Now, let's find the average number of posts in each hour using the two dictionaries that I created.

In [6]:
avg_posts_per_hour = []

for hour in comments_by_hour:
    avg_posts_per_hour.append([hour, (comments_by_hour[hour]/counts_by_hour[hour])])

print(avg_posts_per_hour)

[['09', 5.5777777777777775], ['13', 14.741176470588234], ['10', 13.440677966101696], ['14', 13.233644859813085], ['16', 16.796296296296298], ['23', 7.985294117647059], ['12', 9.41095890410959], ['17', 11.46], ['15', 38.5948275862069], ['21', 16.009174311926607], ['20', 21.525], ['02', 23.810344827586206], ['18', 13.20183486238532], ['03', 7.796296296296297], ['05', 10.08695652173913], ['19', 10.8], ['01', 11.383333333333333], ['22', 6.746478873239437], ['08', 10.25], ['04', 7.170212765957447], ['00', 8.127272727272727], ['06', 9.022727272727273], ['07', 7.852941176470588], ['11', 11.051724137931034]]


We have the information we need, but it is hard to make out given the format of the data. I will sort the list of lists and display the five highest values.

In [7]:
# swap order of elements in avg_posts_per_hour list
swap_avg_by_hour = []

for hour in avg_posts_per_hour:
    swap_avg_by_hour.append([hour[1], hour[0]])

print(swap_avg_by_hour)

# sort the list of lists
sorted_swap = sorted(swap_avg_by_hour, reverse = True)

print(sorted_swap)

for elem in sorted_swap[:5]:
    hour = dt.datetime.strptime(elem[1], "%H")
    hour = hour.strftime('%H:%M')
    average = elem[0]
    print('{0}: {1:.2f} average comments per post'.format(hour, average))

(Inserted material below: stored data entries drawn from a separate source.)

(* Let $D$ be a finite-dimensional division algebra over $\mathbb Q$ and $n\in\mathbb Z_{>0}$. Let $\Sigma$ be a non-trivial finitely generated abelian subgroup of ${\rm GL}_n(D)$ consisting of unipotent matrices, so that each $\alpha\in\Sigma$ is $\alpha=1+\eta_\alpha$ with $\eta_\alpha\in M_n(D)$ nilpotent. Let $\mathfrak k=\bigcap_{\alpha\in\Sigma}\ker\eta_\alpha\subseteq D^n$ and $k=\dim_D\mathfrak k$ (as a right $D$-vector space). Then ${\rm rk}_{\mathbb Z}\Sigma<n\cdot(n-k)\cdot[D:\mathbb Q]$.
   Context: $D^n$ is regarded as an $M_n(D)$–$D$-bimodule; dimensions over $D$ are of right $D$-vector spaces. ${\rm rk}_{\mathbb Z}$ is the torsion-free rank of an abelian group. *)

theory Defs
  imports "HOL-Analysis.Analysis" "HOL-Algebra.FiniteProduct" "HOL-Algebra.Generated_Groups"
begin

text \<open>Scalar multiplication of a rational on an element of a ring of characteristic 0
  (the prime field of a division ring of characteristic 0 is Q, which is central).\<close>
definition rat_scale :: "rat \<Rightarrow> 'a::{division_ring,ring_char_0} \<Rightarrow> 'a" where
  "rat_scale q x = (of_int (fst (quotient_of q)) * inverse (of_int (snd (quotient_of q)))) * x"

definition fin_dim_over_Q :: "'a::{division_ring,ring_char_0} itself \<Rightarrow> bool" where
  "fin_dim_over_Q _ \<longleftrightarrow> (\<exists>B::'a set. finite B \<and> module.span rat_scale B = UNIV)"

definition degree_over_Q :: "'a::{division_ring,ring_char_0} itself \<Rightarrow> nat" where
  "degree_over_Q _ = vector_space.dim (rat_scale :: rat \<Rightarrow> 'a \<Rightarrow> 'a) UNIV"

definition GL :: "('a::semiring_1^'n^'n) monoid" where
  "GL = \<lparr>carrier = {A. invertible A}, mult = (**), one = mat 1\<rparr>"

definition nilpotent_mat :: "'a::semiring_1^'n^'n \<Rightarrow> bool" where
  "nilpotent_mat N \<longleftrightarrow> (\<exists>m. (((**) N) ^^ m) (mat 1) = 0)"

definition unipotent_mat :: "'a::ring_1^'n^'n \<Rightarrow> bool" where
  "unipotent_mat A \<longleftrightarrow> nilpotent_mat (A - mat 1)"

definition right_indep :: "('a::ring_1^'n) set \<Rightarrow> bool" where
  "right_indep S \<longleftrightarrow> finite S \<and>
     (\<forall>c. (\<Sum>v\<in>S. (\<chi> i. v $ i * c v)) = 0 \<longrightarrow> (\<forall>v\<in>S. c v = 0))"

definition right_dim :: "('a::ring_1^'n) set \<Rightarrow> nat" where
  "right_dim V = Sup {card S | S. S \<subseteq> V \<and> right_indep S}"

definition Z_indep :: "('g, 'b) monoid_scheme \<Rightarrow> 'g set \<Rightarrow> bool" where
  "Z_indep G S \<longleftrightarrow> finite S \<and> S \<subseteq> carrier G \<and>
     (\<forall>c::'g \<Rightarrow> int. finprod G (\<lambda>g. g [^]\<^bsub>G\<^esub> c g) S = \<one>\<^bsub>G\<^esub> \<longrightarrow> (\<forall>g\<in>S. c g = 0))"

definition rank_Z :: "('g, 'b) monoid_scheme \<Rightarrow> nat" where
  "rank_Z G = Sup {card S | S. Z_indep G S}"

end

theory Submission
  imports Defs "HOL-Computational_Algebra.Polynomial"
begin

text \<open>A unipotent matrix \<open>X\<close> has the logarithm \<open>log X = \<Sum>j. c\<^sub>j (X - 1)^j\<close>, a finite sum,
  where \<open>c\<^sub>j\<close> is the coefficient of \<open>t\<close> in the polynomial \<open>t choose j\<close>.  Comparing the
  coefficients of \<open>t\<close> in the polynomial identity \<open>(X Y)^t = X^t Y^t\<close> shows that \<open>log\<close> is
  additive on commuting unipotent matrices, so on \<open>\<Sigma>\<close> it is an injective homomorphism that
  sends \<open>\<int>\<close>-independent elements to \<open>\<rat>\<close>-independent matrices.  After clearing
  denominators, every element of their \<open>\<rat>\<close>-span is a multiple of the logarithm of an element
  of \<open>\<Sigma>\<close>, hence nilpotent; and all of them kill the common kernel \<open>K\<close> of the \<open>\<eta>\<^sub>\<alpha>\<close>.

  Extend a right basis of \<open>K\<close> to a right basis of \<open>D^n\<close> and let \<open>P\<close> have these vectors as
  columns.  Right multiplication by \<open>P\<close> embeds the matrices killing \<open>K\<close> into the matrices with
  \<open>k\<close> prescribed zero columns, a \<open>\<rat>\<close>-space of dimension \<open>n (n - k) [D:\<rat>]\<close>.  That space
  also contains the matrix whose only nonzero column is a column \<open>u\<close> of \<open>P\<close> outside \<open>K\<close>,
  and this matrix is not \<open>Z P\<close> for a nilpotent \<open>Z\<close>, since then \<open>Z u = u\<close>.  Dimensions of right \<open>D\<close>-spaces are computed as
  \<open>\<rat>\<close>-dimensions divided by \<open>[D:\<rat>]\<close>.\<close>

section \<open>Rational scalars on a division ring of characteristic 0\<close>

definition rat_embed :: "rat \<Rightarrow> 'a::{division_ring,ring_char_0}" where
  "rat_embed q = of_int (fst (quotient_of q)) * inverse (of_int (snd (quotient_of q)))"

lemma rat_scale_eq: "rat_scale q x = rat_embed q * x"
  by (simp add: rat_scale_def rat_embed_def)

lemma rat_embed_central: "rat_embed q * x = x * (rat_embed q :: 'a::{division_ring,ring_char_0})"
proof -
  have "inverse (of_int k) * x = x * (inverse (of_int k) :: 'a)" for k
    by (rule mult_commute_imp_mult_inverse_commute) (simp add: mult_of_int_commute)
  then show ?thesis
    unfolding rat_embed_def by (metis mult.assoc mult_of_int_commute)
qed

lemma rat_embed_unique:
  assumes "b \<noteq> 0" "q = of_int a / of_int b" "x * of_int b = (of_int a :: 'a::{division_ring,ring_char_0})"
  shows "rat_embed q = x"
proof -
  obtain a' b' where qo: "quotient_of q = (a', b')" by (cases "quotient_of q")
  then have "b' > 0" and q: "q = of_int a' / of_int b'"
    by (simp_all add: quotient_of_denom_pos quotient_of_div)
  with assms have "of_int (a * b') = (of_int (a' * b) :: rat)"
    by (simp add: field_simps)
  then have "(of_int a' * of_int b :: 'a) = of_int a * of_int b'"
    by (metis mult.commute of_int_eq_iff of_int_mult)
  also have "\<dots> = x * of_int b' * of_int b"
    using assms(3) by (metis mult.assoc mult_of_int_commute)
  finally have "of_int a' = x * of_int b'"
    using assms(1) by simp
  then show ?thesis
    using \<open>b' > 0\<close> qo by (simp add: rat_embed_def mult.assoc)
qed

lemma rat_embed_spec:
  obtains a b where "b > 0" "q = of_int a / of_int b"
    "(rat_embed q :: 'a::{division_ring,ring_char_0}) * of_int b = of_int a"
proof -
  obtain a b where qo: "quotient_of q = (a, b)" by (cases "quotient_of q")
  then have "b > 0" "q = of_int a / of_int b"
    by (simp_all add: quotient_of_denom_pos quotient_of_div)
  moreover have "(rat_embed q :: 'a) * of_int b = of_int a"
    using qo \<open>b > 0\<close> by (simp add: rat_embed_def mult.assoc)
  ultimately show ?thesis by (rule that)
qed

lemma rat_embed_add: "(rat_embed (p + q) :: 'a::{division_ring,ring_char_0}) = rat_embed p + rat_embed q"
proof -
  obtain a b where b: "b > 0" "p = of_int a / of_int b" "(rat_embed p :: 'a) * of_int b = of_int a"
    by (rule rat_embed_spec)
  obtain c e where e: "e > 0" "q = of_int c / of_int e" "(rat_embed q :: 'a) * of_int e = of_int c"
    by (rule rat_embed_spec)
  have pq: "p + q = of_int (a * e + c * b) / of_int (b * e)"
    using b e by (simp add: field_simps)
  have "(rat_embed p + rat_embed q :: 'a) * of_int (b * e)
      = rat_embed p * of_int b * of_int e + rat_embed q * of_int e * of_int b"
    by (simp add: distrib_right mult.assoc mult_of_int_commute[of e])
  also have "\<dots> = of_int (a * e + c * b)"
    using b(3) e(3) by simp
  finally show ?thesis
    using b e by (intro rat_embed_unique[OF _ pq]) simp_all
qed
(* Let $\sigma$ be an $(\alpha,\beta)$-ReLU activation and let $\lambda=\max\{|\mu|:\mu\text{ an eigenvalue of }\hat A,\ \mu\neq1\}$ (with $\lambda=0$ if $1$ is the only eigenvalue). If $\lambda^2\sigma_w^2(\alpha^2+\beta^2)<2$, then $\mathbb E_{h\sim N(\mathbf 0_n,\Sigma^{(l)})}[\mathrm{Dir}(h)]=O\!\left(\left(\tfrac{\lambda^2\sigma_w^2(\alpha^2+\beta^2)}{2}\right)^l\right)$ as $l\to\infty$.
   Context: An activation $\sigma:\mathbb R\to\mathbb R$ is $(\alpha,\beta)$-ReLU if $\sigma(x)=\alpha x$ for $x\ge0$ and $\sigma(x)=\beta x$ for $x<0$, where $\alpha,\beta\ge0$ are not both $0$. Let $\mathcal G=(\mathcal V,\mathcal E)$ be a finite undirected graph with $n$ nodes, adjacency matrix $A$, degree matrix $D=\mathrm{diag}(A\mathbf 1_n)$ with degrees $d_i$, $\tilde A=A+I$, $\tilde D=D+I$, $\hat A=\tilde D^{-1/2}\tilde A\tilde D^{-1/2}$, $\hat L=I-\hat A$. For $x\in\mathbb R^n$, $\mathrm{Dir}(x)=x^\top\hat Lx=\sum_{\{i,j\}\in\mathcal E}(x_i/\sqrt{1+d_i}-x_j/\sqrt{1+d_j})^2$. Let $X\in\mathbb R^{n\times d_0}$ and $\sigma_w^2>0$. For positive semidefinite $\Sigma$, $G(\Sigma)=\mathbb E_{h\sim N(\mathbf 0_n,\Sigma)}[\sigma(h)\sigma(h)^\top]$; $\Sigma^{(1)}=\frac{\sigma_w^2}{d_0}\hat AXX^\top\hat A$, $\Sigma^{(l+1)}=\sigma_w^2\hat AG(\Sigma^{(l)})\hat A$. *)

theory Defs
  imports "HOL-Probability.Probability" "HOL-Library.Landau_Symbols"
begin

definition relu_ab :: "real \<Rightarrow> real \<Rightarrow> real \<Rightarrow> real" where
  "relu_ab \<alpha> \<beta> x = (if x \<ge> 0 then \<alpha> * x else \<beta> * x)"

definition is_adjacency :: "real^'n^'n \<Rightarrow> bool" where
  "is_adjacency A \<longleftrightarrow> (\<forall>i j. A$i$j = 0 \<or> A$i$j = 1) \<and> (\<forall>i j. A$i$j = A$j$i) \<and> (\<forall>i. A$i$i = 0)"

definition degree :: "real^'n^'n \<Rightarrow> 'n \<Rightarrow> real" where
  "degree A i = (\<Sum>j\<in>UNIV. A$i$j)"

definition Dt_inv_sqrt :: "real^'n^'n \<Rightarrow> real^'n^'n" where
  "Dt_inv_sqrt A = (\<chi> i j. if i = j then 1 / sqrt (1 + degree A i) else 0)"

definition A_hat :: "real^'n^'n \<Rightarrow> real^'n^'n" where
  "A_hat A = Dt_inv_sqrt A ** (A + mat 1) ** Dt_inv_sqrt A"

definition dirichlet :: "real^'n^'n \<Rightarrow> real^'n \<Rightarrow> real" where
  "dirichlet A x = x \<bullet> ((mat 1 - A_hat A) *v x)"

text \<open>Real eigenvalues of a square matrix (Ahat is symmetric, so all its eigenvalues are real).\<close>
definition is_eigenvalue :: "real^'n^'n \<Rightarrow> real \<Rightarrow> bool" where
  "is_eigenvalue M \<mu> \<longleftrightarrow> (\<exists>v. v \<noteq> 0 \<and> M *v v = \<mu> *\<^sub>R v)"

definition lambda_gap :: "real^'n^'n \<Rightarrow> real" where
  "lambda_gap A = Max (insert 0 {\<bar>\<mu>\<bar> | \<mu>. is_eigenvalue (A_hat A) \<mu> \<and> \<mu> \<noteq> 1})"

definition std_gauss_vec :: "(real^'n) measure" where
  "std_gauss_vec = distr (PiM UNIV (\<lambda>_. density lborel std_normal_density)) borel (\<lambda>f. \<chi> i. f i)"

text \<open>Centered Gaussian N(0,Sigma) for positive semidefinite Sigma: law of L z with
  L L^T = Sigma and z ~ N(0,I) (the law does not depend on the choice of L).\<close>
definition gauss_vec :: "real^'n^'n \<Rightarrow> (real^'n) measure" where
  "gauss_vec \<Sigma> = distr (std_gauss_vec :: (real^'n) measure) borel (\<lambda>z. (SOME L. L ** transpose L = \<Sigma>) *v z)"

definition G_map :: "(real \<Rightarrow> real) \<Rightarrow> real^'n^'n \<Rightarrow> real^'n^'n" where
  "G_map \<sigma> \<Sigma> = (\<chi> i j. \<integral>h. \<sigma> (h$i) * \<sigma> (h$j) \<partial>gauss_vec \<Sigma>)"

text \<open>Sigma^(l) for l >= 1 (value at l = 0 is irrelevant and set to 0):
  Sigma^(1) = sw2/d0 Ahat X X^T Ahat,  Sigma^(l+1) = sw2 Ahat G(Sigma^(l)) Ahat.\<close>
primrec Sigma_l :: "(real \<Rightarrow> real) \<Rightarrow> real \<Rightarrow> real^'n^'n \<Rightarrow> real^'d^'n \<Rightarrow> nat \<Rightarrow> real^'n^'n" where
  "Sigma_l \<sigma> sw2 A X 0 = 0"
| "Sigma_l \<sigma> sw2 A X (Suc l) =
     (if l = 0 then (sw2 / real CARD('d)) *\<^sub>R (A_hat A ** X ** transpose X ** A_hat A)
      else sw2 *\<^sub>R (A_hat A ** G_map \<sigma> (Sigma_l \<sigma> sw2 A X l) ** A_hat A))"

end

theory Submission
  imports Defs
begin

text \<open>Let E_l be the expected Dirichlet energy under N(0, Sigma_l). For a centred Gaussian h
  with covariance S one has E[h' M h] = <M, S> (Frobenius pairing), so the recursion
  Sigma_(l+1) = sw2 Ahat G(Sigma_l) Ahat with symmetric Ahat gives
  E_(l+1) = sw2 E[s' Ahat L Ahat s], where s = sigma(h), h ~ N(0, Sigma_l) and L = I - Ahat.
  The Dirichlet energy is a sum of squares over the edges, so L is positive semidefinite and every
  eigenvalue of Ahat is at most 1; diagonalising Ahat then gives Ahat L Ahat <= lambda^2 L.
  Edge by edge, Dir(sigma(h)) + Dir(sigma(-h)) <= (alpha^2 + beta^2) Dir(h), and h and -h have
  the same law, so E Dir(sigma(h)) <= (alpha^2 + beta^2)/2 E Dir(h). Hence E_(l+1) <= c E_l for
  l >= 1 with c = lambda^2 sw2 (alpha^2 + beta^2)/2.\<close>

section \<open>Symmetric matrices\<close>

lemma symmetric_matrix_inner_commute:
  fixes M :: "real^'n^'n"
  assumes "transpose M = M"
  shows "x \<bullet> (M *v y) = y \<bullet> (M *v x)"
proof -
  have "x \<bullet> (M *v y) = (transpose M *v x) \<bullet> y"
    by (simp add: dot_lmul_matrix transpose_matrix_vector)
  then show ?thesis using assms by (simp add: inner_commute)
qed

lemma inner_matrix_vector_eq_sum:
  "x \<bullet> (M *v y) = (\<Sum>i\<in>UNIV. \<Sum>j\<in>UNIV. x$i * M$i$j * y$j)"
  unfolding inner_vec_def matrix_vector_mult_def by (simp add: sum_distrib_left mult_ac)

lemma linear_coeff_zero_if_quadratic_nonpos:
  fixes a b :: real
  assumes "\<And>t. 2 * t * a + t\<^sup>2 * b \<le> 0"
  shows "a = 0"
proof -
  define K where "K = \<bar>b\<bar> + 1"
  have K: "K > 0" "2 * K + b > 0" unfolding K_def by (auto simp: abs_if)
  have "a\<^sup>2 * (2 * K + b) = K\<^sup>2 * (2 * (a / K) * a + (a / K)\<^sup>2 * b)"
    using K by (simp add: field_simps power2_eq_square)
  also have "\<dots> \<le> 0" using assms[of "a / K"] by (simp add: mult_nonneg_nonpos)
  finally have "a\<^sup>2 \<le> 0" using K by (simp add: mult_le_0_iff)
  then show ?thesis by simp
qed
lemma uniform_oscillation:
  fixes g :: "real \<Rightarrow> real \<Rightarrow> real \<Rightarrow> real"
  assumes "continuous_on U (\<lambda>(x,u,p). g x u p)" "\<epsilon> > 0"
  obtains d where "d > 0" "\<And>x u p \<sigma> \<tau>. x \<in> {a..b} \<Longrightarrow> \<bar>u\<bar> \<le> M \<Longrightarrow> \<bar>p\<bar> \<le> M \<Longrightarrow>
      \<bar>\<sigma>\<bar> \<le> d \<Longrightarrow> \<bar>\<tau>\<bar> \<le> d \<Longrightarrow> \<bar>g x (u+\<sigma>) (p+\<tau>) - g x u p\<bar> \<le> \<epsilon>"
proof -
  define K where "K = {a..b} \<times> {-M-1..M+1} \<times> {-M-1..M+1}"
  have "compact K" "K \<subseteq> U"
    using in_U by (auto simp: K_def intro!: compact_Times)
  then have "uniformly_continuous_on K (\<lambda>(x,u,p). g x u p)"
    using assms(1) by (intro compact_uniformly_continuous) (auto intro: continuous_on_subset)
  then obtain d0 where "d0 > 0" and d0: "\<And>y y'. y \<in> K \<Longrightarrow> y' \<in> K \<Longrightarrow> dist y' y < d0 \<Longrightarrow>
      dist ((\<lambda>(x,u,p). g x u p) y') ((\<lambda>(x,u,p). g x u p) y) < \<epsilon>"
    using assms(2) unfolding uniformly_continuous_on_def by metis
  show ?thesis
  proof (rule that[of "min 1 (d0 / 3)"])
    fix x u p \<sigma> \<tau>
    assume "x \<in> {a..b}" "\<bar>u\<bar> \<le> M" "\<bar>p\<bar> \<le> M" "\<bar>\<sigma>\<bar> \<le> min 1 (d0 / 3)" "\<bar>\<tau>\<bar> \<le> min 1 (d0 / 3)"
    moreover from this have "dist (x, u+\<sigma>, p+\<tau>) (x, u, p) < d0"
      using sqrt_sum_squares_le_sum_abs[of \<sigma> \<tau>] \<open>d0 > 0\<close>
      by (simp add: dist_Pair_Pair dist_real_def)
    ultimately show "\<bar>g x (u+\<sigma>) (p+\<tau>) - g x u p\<bar> \<le> \<epsilon>"
      using d0[of "(x, u, p)" "(x, u+\<sigma>, p+\<tau>)"] by (force simp: K_def dist_real_def abs_le_iff)
  qed (use \<open>d0 > 0\<close> in auto)
qed
lemma ex_witness_C'_if_witness_C:
  assumes w: "witness C w"
  shows "\<exists>w'. witness C' w'"
proof -
  obtain c where c: "c \<notin> data w \<union> D \<union> {a, b}"
    using ex_new_if_finite[OF infinite_UNIV_nat, of "data w \<union> D \<union> {a, b}"] finite_D by auto
  obtain c' where c': "c' \<notin> data w \<union> D \<union> {a, b, c}"
    using ex_new_if_finite[OF infinite_UNIV_nat, of "data w \<union> D \<union> {a, b, c}"] finite_D by auto
  let ?w_ab = "rename_word (transpose a b) w"
  have "c' \<notin> data ?w_ab"
    using c' unfolding data_rename_word by (simp add: in_transpose_image_iff)
  consider "\<nexists>l. (l, Some c) \<in> C \<and> reg_accepts B (l, Some b) w"
    | "\<nexists>l. (l, Some c') \<in> C \<and> reg_accepts B (l, Some b) ?w_ab"
    | l1 l2 where "(l1, Some c) \<in> C" "reg_accepts B (l1, Some b) w"
        "(l2, Some c') \<in> C" "reg_accepts B (l2, Some b) ?w_ab"
    by blast
  then show ?thesis
  proof cases
    case 1
    have "witness C' (rename_word (transpose b c) w)"
      by (rule witness_C'_transpose[OF w _ _ _ 1]) (use c in auto)
    then show ?thesis ..
  next
    case 2
    have "witness C' (rename_word (transpose b c') ?w_ab)"
      by (rule witness_C'_transpose[OF witness_transpose[OF w] \<open>c' \<notin> data ?w_ab\<close> _ _ 2])
        (use c' in auto)
    then show ?thesis ..
  next
    case 3
    have "reg_accepts B (l2, Some a) w"
      using 3(4) unfolding reg_accepts_transpose_iff by simp
    have False
      by (rule no_joint_acceptance[OF 3(2) \<open>reg_accepts B (l2, Some a) w\<close> 3(1,3)])
        (use a_neq_b c c' in auto)
    then show ?thesis ..
  qed
qed

lemma ex_witness_C_if_witness_C':
  assumes w: "witness C' w"
  shows "\<exists>w'. witness C w'"
proof -
  define F where "F = (\<Union>l\<in>{l \<in> locs B. finite (row l)}. row l)"
  have "finite (locs B)" using gura unfolding gura_def wf_gra_def by simp
  then have "finite F" unfolding F_def by simp
  then obtain c where c: "c \<notin> data w \<union> D \<union> {a, b} \<union> F"
    using ex_new_if_finite[OF infinite_UNIV_nat, of "data w \<union> D \<union> {a, b} \<union> F"] finite_D by auto
  have no_accept: "(l, v') \<notin> C' \<or> \<not> reg_accepts B (l, v') w" for l v'
    using w unfolding witness_def by blast
  have "witness C (rename_word (transpose b c) w)"
    unfolding witness_def
  proof (intro conjI ballI notI)
    show "P (rename_word (transpose b c) w)"
      using P_transpose b_notin_D w c unfolding witness_def by blast
    fix s assume s: "s \<in> C" "reg_accepts B s (rename_word (transpose b c) w)"
    obtain l v where s_eq: "s = (l, v)" by fastforce
    have accepts: "reg_accepts B (l, map_option (transpose b c) v) w"
      using s(2) unfolding s_eq reg_accepts_transpose_iff .
    consider "v = Some b" | "v = Some c" | "v \<noteq> Some b" "v \<noteq> Some c" by blast
    then show False
    proof cases
      case 1
      then have "a \<in> row l" "b \<in> row l" using s(1) s_eq same_rows by auto
      moreover have "reg_accepts B (l, Some c) w" using accepts 1 by simp
      ultimately show False
        using row_subsingleton_if_fresh_accepts c a_neq_b by blast
    next
      case 2
      then have "c \<in> row l" "l \<in> locs B" using s(1) s_eq locs_C by auto
      then have "infinite (row l)" using c unfolding F_def by blast
      then show False
        using accepts 2 mem_C'_b \<open>l \<in> locs B\<close> no_accept by auto
    next
      case 3
      then have "map_option (transpose b c) v = v" by (cases v) auto
      then show False using s(1) s_eq accepts mem_C'_other 3(1) no_accept by metis
    qed
  qed
  then show ?thesis by blast
qed

lemma ex_witness_C_iff_C': "(\<exists>w. witness C w) \<longleftrightarrow> (\<exists>w. witness C' w)"
  using ex_witness_C'_if_witness_C ex_witness_C_if_witness_C' by blast

end

theorem proposition6:
  fixes A :: "('r::finite, 'l1, 'a::finite) gra"
    and B :: "(unit, 'l2, 'a) gra"
    and l :: 'l1 and dd :: "'r \<Rightarrow> nat option" and C :: "'l2 config"
    and a b :: nat
  assumes "wf_gra A"
    and "gura B"
    and "is_sync A B ((l, dd), C)"
    and "ess_coverable B C"
    and "a \<noteq> b"
    and "a \<in> supp B C" and "b \<in> supp B C"
    and "indist B ((l, dd), C) a b"
  shows "reaches_bad A B ((l, dd), C)
     \<longleftrightarrow> reaches_bad A B ((l, dd), (C - Cplus B C b) \<union> Cminus B C b)"
proof -
  have wf_B: "wf_gra B" using assms(2) unfolding gura_def by simp
  interpret indistinguishable_data B C a b "accepts_from A (l, dd)" "{x. Some x \<in> range dd}"
  proof
    show "gura B" "ess_coverable B C" "a \<noteq> b" using assms(2,4,5) .
    show "a \<notin> {x. Some x \<in> range dd}" "b \<notin> {x. Some x \<in> range dd}"
      using assms(8) unfolding indist_def by simp_all
    show "accepts_from A (l, dd) (rename_word \<pi> w)"
      if "inj \<pi>" "\<And>x. x \<in> {x. Some x \<in> range dd} \<Longrightarrow> \<pi> x = x" "accepts_from A (l, dd) w"
      for \<pi> w
      by (rule accepts_from_rename_fixing[OF that(1) _ that(3)]) (rule that(2), simp)
    show "finite {x. Some x \<in> range dd}"
      using finite_vimageI[of "range dd" Some] by (simp add: vimage_def)
    show "\<And>l v. (l, v) \<in> C \<Longrightarrow> l \<in> locs B"
      using assms(3) unfolding is_sync_def by auto
    show "\<And>l'. (l', Some a) \<in> C \<longleftrightarrow> (l', Some b) \<in> C"
      using assms(8) unfolding indist_def set_eq_iff by simp
  qed
  have "is_sync A B ((l, dd), C')"
    using assms(3) locs_C' unfolding is_sync_def by auto
  then show ?thesis
    using reaches_bad_iff[OF assms(1) wf_B assms(3)] reaches_bad_iff[OF assms(1) wf_B]
      ex_witness_C_iff_C'
    unfolding witness_def C'_def by simp
qed

end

[[5.5777777777777775, '09'], [14.741176470588234, '13'], [13.440677966101696, '10'], [13.233644859813085, '14'], [16.796296296296298, '16'], [7.985294117647059, '23'], [9.41095890410959, '12'], [11.46, '17'], [38.5948275862069, '15'], [16.009174311926607, '21'], [21.525, '20'], [23.810344827586206, '02'], [13.20183486238532, '18'], [7.796296296296297, '03'], [10.08695652173913, '05'], [10.8, '19'], [11.383333333333333, '01'], [6.746478873239437, '22'], [10.25, '08'], [7.170212765957447, '04'], [8.127272727272727, '00'], [9.022727272727273, '06'], [7.852941176470588, '07'], [11.051724137931034, '11']]
[[38.5948275862069, '15'], [23.810344827586206, '02'], [21.525, '20'], [16.796296296296298, '16'], [16.009174311926607, '21'], [14.741176470588234, '13'], [13.440677966101696, '10'], [13.233644859813085, '14'], [13.20183486238532, '18'], [11.46, '17'], [11.383333333333333, '01'], [11.051724137931034, '11'], [10.8, '19'], [10.25, '08'], [10.08695652173913, '05'], [9.41095890410959, '12'], [

Timezones are in EST. Which means, in CST, the most common times (in order from most to least) are 2:00 PM, 1:00 PM, 7:00 PM, 3:00 PM, and 10:00 PM.